John Josephus Hicks Jr. (December 21, 1941 – May 10, 2006) was an American jazz pianist, composer, and arranger. He was leader of more than 30 recordings and played as a sideman on more than 300.

After early experiences backing blues musicians, Hicks moved to New York in 1963. He was part of Art Blakey's band for two years, accompanied vocalist Betty Carter from 1965 to 1967, before joining Woody Herman's big band, where he stayed until 1970. Following these associations, Hicks expanded into freer bands, including those of trumpeters Charles Tolliver and Lester Bowie. He rejoined Carter in 1975; the five-year stay brought him more attention and helped to launch his recording career as a leader. He continued to play and record extensively in the United States and internationally. Under his own leadership, his recordings were mostly bebop-influenced, while those for other leaders continued to be in a diversity of styles, including multi-year associations with saxophonists Arthur Blythe, David Murray, David "Fathead" Newman, and Pharoah Sanders.

Early life
Hicks was born in Atlanta, Georgia, on December 21, 1941, the eldest of five children. As a child, he moved with his family around the United States, as his father, Rev. John Hicks Sr, took up jobs with the Methodist church. His family was middle class: "I was brought up as a decent human being, where you had aspirations and there were expectations", he commented. His mother, Pollie, was his first piano teacher, after he began playing aged six or seven in Los Angeles. 
He took organ lessons, sang in choirs and tried the violin and trombone. Around the age of 11, once he could read music, Hicks started playing the piano in church.

His development accelerated once his family moved to St. Louis, when Hicks was 14 and he settled on the piano. There, he attended Sumner High School and played in schoolmate Lester Bowie's band, the Continentals, which performed in a variety of musical styles. Hicks cited influences "from Fats Waller to Thelonious Monk to Methodist church hymns", as well as local pianists. He was initially interested in the blues-based compositions of Horace Silver and popular songs such as "I Got Rhythm" and "There Will Never Be Another You", for their easily recognised harmonies.

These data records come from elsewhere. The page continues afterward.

lemma card_covers_through_le:
  assumes "finite V" "v \<in> V" "a \<in> V" "a \<noteq> v"
  shows "card {\<sigma> \<in> cycle_covers V E. \<sigma> a = v \<and> \<sigma> v = b} \<le> card (forced_covers (V - {v}) E a b)"
proof (rule card_inj_on_le[where f = "\<lambda>\<sigma>. \<sigma> \<circ> transpose v a"])
  show "inj_on (\<lambda>\<sigma>. \<sigma> \<circ> transpose v a) {\<sigma> \<in> cycle_covers V E. \<sigma> a = v \<and> \<sigma> v = b}"
    by (rule inj_on_inverseI[where g = "\<lambda>\<sigma>. \<sigma> \<circ> transpose v a"]) (simp add: comp_assoc)
  show "(\<lambda>\<sigma>. \<sigma> \<circ> transpose v a) ` {\<sigma> \<in> cycle_covers V E. \<sigma> a = v \<and> \<sigma> v = b}
    \<subseteq> forced_covers (V - {v}) E a b"
  proof (rule image_subsetI)
    fix \<sigma> assume "\<sigma> \<in> {\<sigma> \<in> cycle_covers V E. \<sigma> a = v \<and> \<sigma> v = b}"
    then have \<sigma>: "\<sigma> \<in> cycle_covers V E" "\<sigma> a = v" "\<sigma> v = b" by simp_all
    have "\<sigma> \<circ> transpose v a permutes V"
      using \<sigma>(1) permutes_compose[OF permutes_swap_id[OF assms(2,3)]] by (simp add: cycle_covers_def)
    then have "\<sigma> \<circ> transpose v a permutes V - {v}"
      by (rule permutes_superset) (use \<sigma>(2) in auto)
    then show "\<sigma> \<circ> transpose v a \<in> forced_covers (V - {v}) E a b"
      using \<sigma> by (auto simp: forced_covers_def cycle_covers_def)
  qed
  show "finite (forced_covers (V - {v}) E a b)"
    using assms(1) by (simp add: finite_forced_covers)
qed

lemma cycle_covers_split_at:
  assumes sym: "\<And>x y. E x y \<Longrightarrow> E y x" and "v \<in> V"
  shows "cycle_covers V E \<subseteq> {\<sigma> \<in> cycle_covers V E. \<sigma> v = v}
    \<union> (\<Union>(a, b) \<in> neighbours V E v \<times> neighbours V E v. {\<sigma> \<in> cycle_covers V E. \<sigma> a = v \<and> \<sigma> v = b})"
proof
  fix \<sigma> assume \<sigma>: "\<sigma> \<in> cycle_covers V E"
  then have \<sigma>p: "\<sigma> permutes V" and ok: "\<And>x. x \<in> V \<Longrightarrow> \<sigma> x = x \<or> E x (\<sigma> x)"
    by (auto simp: cycle_covers_def)
  show "\<sigma> \<in> {\<sigma> \<in> cycle_covers V E. \<sigma> v = v}
    \<union> (\<Union>(a, b) \<in> neighbours V E v \<times> neighbours V E v. {\<sigma> \<in> cycle_covers V E. \<sigma> a = v \<and> \<sigma> v = b})"
  proof (cases "\<sigma> v = v")
    case False
    define a where "a = inv \<sigma> v"
    have "\<sigma> a = v" "a \<in> V"
      using \<open>v \<in> V\<close> permutes_inverses(1)[OF \<sigma>p] permutes_in_image[OF permutes_inv[OF \<sigma>p]]
      by (auto simp: a_def)
    moreover have "a \<noteq> v" using False \<open>\<sigma> a = v\<close> by auto
    ultimately have "a \<in> neighbours V E v" "\<sigma> v \<in> neighbours V E v"
      using ok[of a] ok[of v] sym False \<open>v \<in> V\<close> permutes_in_image[OF \<sigma>p]
      by (auto simp: neighbours_def)
    then show ?thesis using \<sigma> \<open>\<sigma> a = v\<close> by blast
  qed (use \<sigma> in blast)
qed

lemma sum_diagonal_weights:
  assumes "finite X"
  shows "(\<Sum>p \<in> X \<times> X. if fst p = snd p then 2 * c else c) = (card X * card X + card X) * (c :: nat)"
proof -
  have "(\<Sum>p \<in> X \<times> X. if fst p = snd p then 2 * c else c) = (\<Sum>a \<in> X. \<Sum>b \<in> X. c + (if a = b then c else 0))"
    unfolding sum.cartesian_product by (intro sum.cong) auto
  also have "\<dots> = (\<Sum>a \<in> X. card X * c + c)"
    using assms by (simp add: sum.distrib)
  finally show ?thesis by (simp add: algebra_simps)
qed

Hicks worked summer gigs in the southern United States with blues musicians Little Milton and Albert King. His stint with Little Milton provided his first professional work, in 1958; Hicks stated that his playing in a variety of keys improved because the venue's piano was so out of tune that he had to transpose each piece that they played. He studied music in 1958 at Lincoln University in Pennsylvania, where he shared a room with drummer Ronald Shannon Jackson. He also studied for a short time at the Berklee School of Music in Boston before moving to New York in 1963.

Later life and career

1963–80
In New York, Hicks first accompanied singer Della Reese. He then played with Joe Farrell and toured with trombonist Al Grey and tenor saxophonist Billy Mitchell. In 1963 he was also part of saxophonist Pharoah Sanders' first band, and appeared on CBC Television backing vocalist Jimmy Witherspoon. After periods with Kenny Dorham and Joe Henderson, Hicks joined Art Blakey's Jazz Messengers in 1964. His recording debut was with Blakey in November that year on the album 'S Make It. Early in 1965, Hicks toured with Blakey to Japan, France, Switzerland, and England. Blakey encouraged his band members, including Hicks, to compose for the band, although they also played compositions by previous members of the band. He stayed with Blakey for two years, during which time his playing was compared with that of McCoy Tyner, for the level of energy displayed and for some of the intervals that they used.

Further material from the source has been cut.